Ainda me lembro do sufoco de minha mãe para juntar umas tralhas. Meu pai corria atrás de uma condução que nos levasse na viagem. Eram os anos 50 do século passado. No fim fomos num jipe que se esgueirou pelas curvas da estrada de terra que cortava a serra.

Na casa de minha avó o ambiente era de apreensão. Falava-se baixo, vez ou outra alguém disfarçava lágrimas a custo contidas. Sobre a mesa da copa minha avó deixava alguma comida para os parentes que iam e vinham atrás de notícias. Noite adentro a situação se agravava. Ninguém se deitara. Meu pai fora para o lugar onde o filho desparecera e, desde então, não soubéramos mais nada sobre ele.

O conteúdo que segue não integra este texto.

lemma line_section_interval:
  fixes S :: "'a::real_normed_vector set"
  assumes "compact S" "convex S" "w \<noteq> 0"
  obtains s1 s2 where "{s. a + s *\<^sub>R w \<in> S} = {s1..s2}"
proof -
  define I where "I = {s. a + s *\<^sub>R w \<in> S}"
  have "continuous_on UNIV (\<lambda>s::real. a + s *\<^sub>R w)"
    by (intro continuous_intros)
  then have "closed I"
    unfolding I_def vimage_def[symmetric]
    using closed_vimage compact_imp_closed[OF assms(1)] by blast
  moreover have "bounded I"
  proof -
    obtain B where B: "\<And>x. x \<in> S \<Longrightarrow> norm x \<le> B"
      using assms(1) compact_imp_bounded bounded_iff by metis
    have "\<bar>s\<bar> \<le> (B + norm a) / norm w" if "s \<in> I" for s
    proof -
      have "\<bar>s\<bar> * norm w \<le> norm (a + s *\<^sub>R w) + norm a"
        using norm_triangle_ineq4[of "a + s *\<^sub>R w" a] by simp
      also have "\<dots> \<le> B + norm a"
        using B that by (simp add: I_def)
      finally show ?thesis
        using assms(3) by (simp add: field_simps)
    qed
    then show ?thesis
      by (auto simp: bounded_real)
  qed
  moreover have "convex I"
  proof (rule convexI)
    fix s t u v :: real
    assume "s \<in> I" "t \<in> I" "0 \<le> u" "0 \<le> v" "u + v = 1"
    moreover have "a + (u * s + v * t) *\<^sub>R w = u *\<^sub>R (a + s *\<^sub>R w) + v *\<^sub>R (a + t *\<^sub>R w)"
      using \<open>u + v = 1\<close> by (simp add: algebra_simps flip: scaleR_add_left)
    ultimately show "u *\<^sub>R s + v *\<^sub>R t \<in> I"
      using assms(2) by (simp add: I_def convex_def)
  qed
  ultimately show ?thesis
    using that connected_compact_interval_1 convex_connected compact_eq_bounded_closed
    by (metis I_def)
qed

lemma image_line_atLeastAtMost:
  fixes a w :: "'a::real_vector"
  assumes "s1 \<le> s2"
  shows "(\<lambda>s. a + s *\<^sub>R w) ` {s1..s2} = closed_segment (a + s1 *\<^sub>R w) (a + s2 *\<^sub>R w)"
proof -
  have "closed_segment (a + s1 *\<^sub>R w) (a + s2 *\<^sub>R w) = (\<lambda>x. a + x) ` closed_segment (s1 *\<^sub>R w) (s2 *\<^sub>R w)"
    by (rule closed_segment_translation)
  also have "closed_segment (s1 *\<^sub>R w) (s2 *\<^sub>R w) = (\<lambda>s. s *\<^sub>R w) ` closed_segment s1 s2"
    by (rule closed_segment_linear_image[OF linear_scaleR_left])
  also have "closed_segment s1 s2 = {s1..s2}"
    using assms by (simp add: closed_segment_eq_real_ivl)
  finally show ?thesis
    by (simp add: image_image)
qed

lemma card_active_ge_2_if_extreme_point:
  fixes U :: "(real \<times> real) set"
  assumes "finite U" and extreme: "p extreme_point_of tangential_polytope r U"
  shows "2 \<le> card {u\<in>U. inner p u = r}"
proof (rule ccontr)
  define A where "A = {u\<in>U. inner p u = r}"
  assume "\<not> 2 \<le> card {u\<in>U. inner p u = r}"
  then have "card A \<le> Suc 0"
    by (simp add: A_def)
  moreover have "finite A"
    using assms(1) by (simp add: A_def)
  ultimately have "\<forall>u\<in>A. \<forall>v\<in>A. u = v"
    using card_le_Suc0_iff_eq by blast
  then obtain u0 where "A \<subseteq> {u0}"
    by (cases "A = {}") blast+
  obtain d where "d \<noteq> 0" "inner d u0 = 0"
    using exists_orthogonal_nonzero by blast
  then have "\<forall>u\<in>U. inner p u = r \<longrightarrow> inner d u = 0"
    using \<open>A \<subseteq> {u0}\<close> by (auto simp: A_def)
  then obtain e where "e > 0" and in_P: "p - e *\<^sub>R d \<in> tangential_polytope r U"
      "p + e *\<^sub>R d \<in> tangential_polytope r U"
    using tangential_polytope_perturb[OF assms(1)] extreme by (meson extreme_point_of_def)
  have "(p + e *\<^sub>R d) - (p - e *\<^sub>R d) = (2 * e) *\<^sub>R d"
    by (simp add: algebra_simps flip: scaleR_2)
  then have "p - e *\<^sub>R d \<noteq> p + e *\<^sub>R d"
    using \<open>d \<noteq> 0\<close> \<open>e > 0\<close> by force
  moreover have "midpoint (p - e *\<^sub>R d) (p + e *\<^sub>R d) = p"
    by (simp add: midpoint_def flip: scaleR_2)
  ultimately have "p \<in> open_segment (p - e *\<^sub>R d) (p + e *\<^sub>R d)"
    by (metis midpoint_in_open_segment)
  then show False
    using extreme in_P by (auto simp: extreme_point_of_def)
qed

lemma card_active_le_2:
  fixes U :: "(real \<times> real) set"
  assumes "\<forall>u\<in>U. norm u = 1" "r \<noteq> 0"
  shows "finite {u\<in>U. inner p u = r} \<and> card {u\<in>U. inner p u = r} \<le> 2"
proof (cases "p = 0")
  case True
  then show ?thesis
    using assms(2) by simp
next
  case False
  have "{u\<in>U. inner p u = r} \<subseteq> {x. norm x = 1 \<and> inner p x = r}"
    using assms(1) by auto
  then show ?thesis
    using finite_card_sphere_Int_line[OF False, of r] by (meson card_mono finite_subset le_trans)
qed

lemma card_extreme_points_on_side:
  fixes U :: "(real \<times> real) set" and r :: real
  defines "P \<equiv> tangential_polytope r U"
  assumes "finite U" "\<forall>v\<in>U. norm v = 1" "r > 0" "bounded P" "u \<in> U"
  shows "finite {p. p extreme_point_of P \<and> inner p u = r}
       \<and> card {p. p extreme_point_of P \<and> inner p u = r} = 2"
proof -
  define F where "F = P \<inter> {x. inner u x = r}"
  define f where "f s = r *\<^sub>R u + s *\<^sub>R rot90 u" for s
  have unit_u: "norm u = 1"
    using assms(3,6) by blast
  have face: "F face_of P"
    unfolding F_def P_def
    by (rule face_of_Int_supporting_hyperplane_le[OF convex_tangential_polytope])
       (use assms(6) in \<open>auto simp: tangential_polytope_def inner_commute\<close>)
  have "p extreme_point_of F \<longleftrightarrow> p extreme_point_of P \<and> inner p u = r" for p
  proof -
    have "p extreme_point_of P \<Longrightarrow> p \<in> P"
      by (simp add: extreme_point_of_def)
    then show ?thesis
      unfolding extreme_point_of_face[OF face] by (auto simp: F_def inner_commute)
  qed
  then have extreme_side: "{p. p extreme_point_of P \<and> inner p u = r} = {p. p extreme_point_of F}"
    by blast
  have "compact P"
    using assms(5) closed_tangential_polytope by (simp add: P_def compact_eq_bounded_closed)
  moreover have "convex P"
    by (simp add: P_def convex_tangential_polytope)
  moreover have "rot90 u \<noteq> 0"
    using unit_u by auto
  ultimately obtain s1 s2 where I: "{s. f s \<in> P} = {s1..s2}"
    unfolding f_def by (rule line_section_interval)
  have "F = f ` {s. f s \<in> P}"
  proof
    show "F \<subseteq> f ` {s. f s \<in> P}"
    proof
      fix x assume "x \<in> F"
      define t where "t = inner (rot90 u) x"
      have "x = f t"
        using rot90_frame[of u x] unit_u \<open>x \<in> F\<close> by (simp add: F_def f_def t_def)
      moreover have "f t \<in> P"
        using \<open>x \<in> F\<close> \<open>x = f t\<close> by (simp add: F_def)
      ultimately show "x \<in> f ` {s. f s \<in> P}"
        by blast
    qed
    show "f ` {s. f s \<in> P} \<subseteq> F"
      using unit_u by (auto simp: F_def f_def inner_add_right dot_square_norm)
  qed
  note tangent = active_at_tangent_point[OF assms(3,4,6)]
  have "\<forall>v\<in>U. inner (r *\<^sub>R u) v = r \<longrightarrow> inner (rot90 u) v = 0"
  proof (intro ballI impI)
    fix v assume "v \<in> U" "inner (r *\<^sub>R u) v = r"
    then have "v = u"
      using tangent(2) by blast
    then show "inner (rot90 u) v = 0"
      by simp
  qed
  then obtain e where "e > 0" "r *\<^sub>R u + e *\<^sub>R rot90 u \<in> P" "r *\<^sub>R u - e *\<^sub>R rot90 u \<in> P"
    using tangential_polytope_perturb[OF assms(2) tangent(1)] unfolding P_def by blast
  then have "e \<in> {s1..s2}" "- e \<in> {s1..s2}"
    unfolding I[symmetric] by (simp_all add: f_def)
  with \<open>e > 0\<close> have "s1 < s2"
    by auto
  have "inner (rot90 u) (f s) = s" for s
    using unit_u by (simp add: f_def inner_add_right dot_square_norm)
  then have "f s1 \<noteq> f s2"
    using \<open>s1 < s2\<close> by (metis order.irrefl)
  moreover have "F = closed_segment (f s1) (f s2)"
    using \<open>F = f ` {s. f s \<in> P}\<close> I image_line_atLeastAtMost[of s1 s2] \<open>s1 < s2\<close>
    by (simp add: f_def)
  then have "{p. p extreme_point_of F} = {f s1, f s2}"
    by (auto simp: extreme_point_of_segment)
  ultimately show ?thesis
    unfolding extreme_side by simp
qed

Foi em meio a madrugada que pela primeira vez na vida ouvi falar sobre escafandristas. Meu tio vinha de São Paulo, trazendo dois escafandristas que procurariam por meu irmão no fundo do lago. Nos meus poucos anos de vida aquela palavra “escafandrista” gravou-se em minha mente como sinônimo de “herói”. Escafandristas eram heróis com aqueles das páginas dos gibis, seres capazes de feitos miraculosos como o de trazer do fundo de um lago um irmão desaparecido, quem sabe milagrosamente vivo.

Devo ter adormecido. Quando acordei ouvi a voz de meu pai que voltava para a casa de minha avó. Amanhecia. Com dificuldade ele narrou detalhes sobre os acontecimentos. Os escafandristas ficaram algumas horas procurando. No fim encontraram o corpo preso a uma antiga cerca de arame, no fundo do lago.

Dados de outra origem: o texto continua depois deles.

(* Let $(E,\tau)$ be a locally solid vector lattice and let $x\in E$. Let $I_x$ and $B_x$ denote the ideal and the band in $E$ generated by $x$. Then the restricted topology $\tau|_{B_x}$ is solidly submetrisable if and only if the restricted topology $\tau|_{I_x}$ is solidly submetrisable.
   Context: All vector lattices are real and Archimedean; linear topologies are Hausdorff. A locally solid topology on a vector lattice is a linear topology such that zero has a neighbourhood basis of solid sets. A locally solid topology $\sigma$ on a vector lattice $G$ is called solidly submetrisable if it is finer than some metrisable locally solid topology on $G$. (Here $I_x$ and $B_x$ are regarded as vector lattices with the restricted topologies.) *)

theory Defs
  imports "HOL-Analysis.Analysis"
begin

text \<open>All notions below are relative to a carrier set S
(a vector sublattice / ideal of the ambient vector lattice), so that the
restricted topologies on I_x and B_x can be handled.\<close>

definition vabs :: "'a::{ordered_real_vector,lattice} \<Rightarrow> 'a" where
  "vabs x = sup x (- x)"

definition archimedean_vl :: "'a::{ordered_real_vector,lattice} itself \<Rightarrow> bool" where
  "archimedean_vl _ \<longleftrightarrow>
     (\<forall>x y :: 'a. 0 \<le> x \<and> (\<forall>n::nat. real n *\<^sub>R x \<le> y) \<longrightarrow> x = 0)"

definition is_ideal :: "'a::{ordered_real_vector,lattice} set \<Rightarrow> bool" where
  "is_ideal I \<longleftrightarrow> 0 \<in> I \<and> (\<forall>x\<in>I. \<forall>y\<in>I. x + y \<in> I) \<and> (\<forall>c. \<forall>x\<in>I. c *\<^sub>R x \<in> I)
     \<and> (\<forall>x\<in>I. \<forall>y. vabs y \<le> vabs x \<longrightarrow> y \<in> I)"

definition is_lub :: "'a::order set \<Rightarrow> 'a \<Rightarrow> bool" where
  "is_lub D s \<longleftrightarrow> (\<forall>d\<in>D. d \<le> s) \<and> (\<forall>u. (\<forall>d\<in>D. d \<le> u) \<longrightarrow> s \<le> u)"

definition is_band :: "'a::{ordered_real_vector,lattice} set \<Rightarrow> bool" where
  "is_band B \<longleftrightarrow> is_ideal B \<and> (\<forall>D s. D \<subseteq> B \<and> is_lub D s \<longrightarrow> s \<in> B)"

definition ideal_gen :: "'a::{ordered_real_vector,lattice} \<Rightarrow> 'a set" where
  "ideal_gen x = \<Inter>{I. is_ideal I \<and> x \<in> I}"

definition band_gen :: "'a::{ordered_real_vector,lattice} \<Rightarrow> 'a set" where
  "band_gen x = \<Inter>{B. is_band B \<and> x \<in> B}"

definition solid_in :: "'a::{ordered_real_vector,lattice} set \<Rightarrow> 'a set \<Rightarrow> bool" where
  "solid_in S A \<longleftrightarrow> A \<subseteq> S \<and> (\<forall>x\<in>A. \<forall>y\<in>S. vabs y \<le> vabs x \<longrightarrow> y \<in> A)"

definition linear_topology_on :: "'a::{ordered_real_vector,lattice} set \<Rightarrow> 'a topology \<Rightarrow> bool" where
  "linear_topology_on S T \<longleftrightarrow> topspace T = S \<and> Hausdorff_space T
     \<and> continuous_map (prod_topology T T) T (\<lambda>(a, b). a + b)
     \<and> continuous_map (prod_topology euclideanreal T) T (\<lambda>(c, a). c *\<^sub>R a)"

definition locally_solid_on :: "'a::{ordered_real_vector,lattice} set \<Rightarrow> 'a topology \<Rightarrow> bool" where
  "locally_solid_on S T \<longleftrightarrow> linear_topology_on S T \<and>
     (\<forall>U. openin T U \<and> 0 \<in> U \<longrightarrow>
        (\<exists>V. solid_in S V \<and> V \<subseteq> U \<and> (\<exists>W. openin T W \<and> 0 \<in> W \<and> W \<subseteq> V)))"

definition solidly_submetrisable :: "'a::{ordered_real_vector,lattice} set \<Rightarrow> 'a topology \<Rightarrow> bool" where
  "solidly_submetrisable S \<sigma> \<longleftrightarrow>
     (\<exists>\<rho>. locally_solid_on S \<rho> \<and> metrizable_space \<rho> \<and> (\<forall>U. openin \<rho> U \<longrightarrow> openin \<sigma> U))"

end

(*
  Let rho be a metrisable locally solid topology on I_x that is coarser than tau. Choose solid
  rho-neighbourhoods W_k of zero with W_(k+1) + W_(k+1) + W_(k+1) \<subseteq> W_k and whose
  intersection is {0}. Their preimages V_k = {y \<in> B_x. inf |y| |x| \<in> W_k} under the
  truncation y \<mapsto> inf |y| |x| are solid in B_x, satisfy the same triple-sum condition, and
  still intersect in {0} because no nonzero element of B_x is disjoint from x. As in the
  Birkhoff-Kakutani metrisation theorem, such a chain defines an F-norm on B_x whose topology is
  linear and locally solid, and it is coarser than tau because every V_k contains the trace of a
  solid tau-neighbourhood of zero. The converse direction is restriction to the ideal I_x.
*)

theory Submission
  imports Defs "HOL-Library.Lattice_Algebras"
begin

section \<open>Arithmetic in vector lattices\<close>

text \<open>The sort \<open>{ordered_real_vector, lattice}\<close> is not a subclass of the lattice-ordered groups of
  the library, so their theory is imported by interpretation, with \<open>vabs\<close> as absolute value.\<close>

interpretation vl: lattice_ab_group_add_abs vabs "(+)" "0::'a::{ordered_real_vector,lattice}"
  "(-)" uminus "(\<le>)" "(<)" inf sup
  by unfold_locales (simp add: vabs_def)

Trouxeram meu irmão já dia claro. Naquela época costumava-se banhar os mortos antes de vesti-los e coloca-los no caixão. Na banheira da casa de minha avó meus tios depositaram o cadáver de meu irmão e deram-lhe o último banho. Não prestaram atenção ao menino pequeno que ficou num canto observando a cena. Ainda tenho na memória a expressão estática do rosto de meu irmão e os braços desgovernados que obedeciam aos movimentos provocados pelos homens que o manipulavam.

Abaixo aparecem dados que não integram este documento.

(* Let $W\in L^\infty$ and $(X_t)_{t\in\mathbb{T}}\in\mathcal{A}(W)$. Then $(X_t)$ is Pareto optimal if and only if there exists $\lambda\in(0,\infty)^T$ such that $(X_t)$ solves Problem $\mathrm{P}_\lambda$.
   Context: Let $T\ge 1$ be an integer and $\mathbb{T}=\{1,\dots,T\}$. Let $(\Omega,\mathcal{F},(\mathcal{F}_t)_{t\in\{0,1,\dots,T\}},P)$ be a filtered probability space and $L^{\infty}=L^{\infty}(\Omega,\mathcal{F}_T,P)$. Let $(r_t)_{t\in\mathbb{T}}$ be a bounded, nonnegative, predictable process ($r_t$ is $\mathcal{F}_{t-1}$-measurable), $B_0=1$, $B_t=\prod_{k=1}^t(1+r_k)$, and for a process $(X_t)$ write $\tilde X_t=X_t/B_t$. For $W\in L^\infty$, $\mathcal{A}(W)$ is the set of $(\mathcal{F}_t)$-adapted processes $(Y_t)_{t\in\mathbb{T}}$ with $Y_t\in L^\infty$ for all $t$ and $\sum_{t\in\mathbb{T}}\tilde Y_t=W$ a.s. For each $t\in\mathbb{T}$, $u_t:\mathbb{R}\to\mathbb{R}$ is strictly concave, $C^1$, with $u_t'(x)>0$ for all $x$. For $\lambda\in\mathbb{R}_+^T\setminus\{0\}$, Problem $\mathrm{P}_\lambda$ is: maximize $\sum_{t\in\mathbb{T}}\lambda_tE[u_t(\tilde Y_t)]$ over $(Y_t)\in\mathcal{A}(W)$. An allocation $(X_t)\in\mathcal{A}(W)$ is Pareto optimal if there is no $(Y_t)\in\mathcal{A}(W)$ with $E[u_t(\tilde Y_t)]\ge E[u_t(\tilde X_t)]$ for all $t\in\mathbb{T}$ and $E[u_{t_0}(\tilde Y_{t_0})]>E[u_{t_0}(\tilde X_{t_0})]$ for at least one $t_0\in\mathbb{T}$. *)

theory Defs
  imports "HOL-Probability.Probability"
begin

Seguiram-se o velório na sala grande, o afluxo de pessoas, a inesquecível imagem de minha mãe despedindo-se do filho. Era o fim do dia quando o cortejo, seguido por multidão, chegou ao cemitério.

Depois do enterro perguntei a um primo mais velho pelos escafandristas. Não seriam eles capazes de perfurar a terra e retirar de lá o meu irmão, trazendo-o de volta para casa?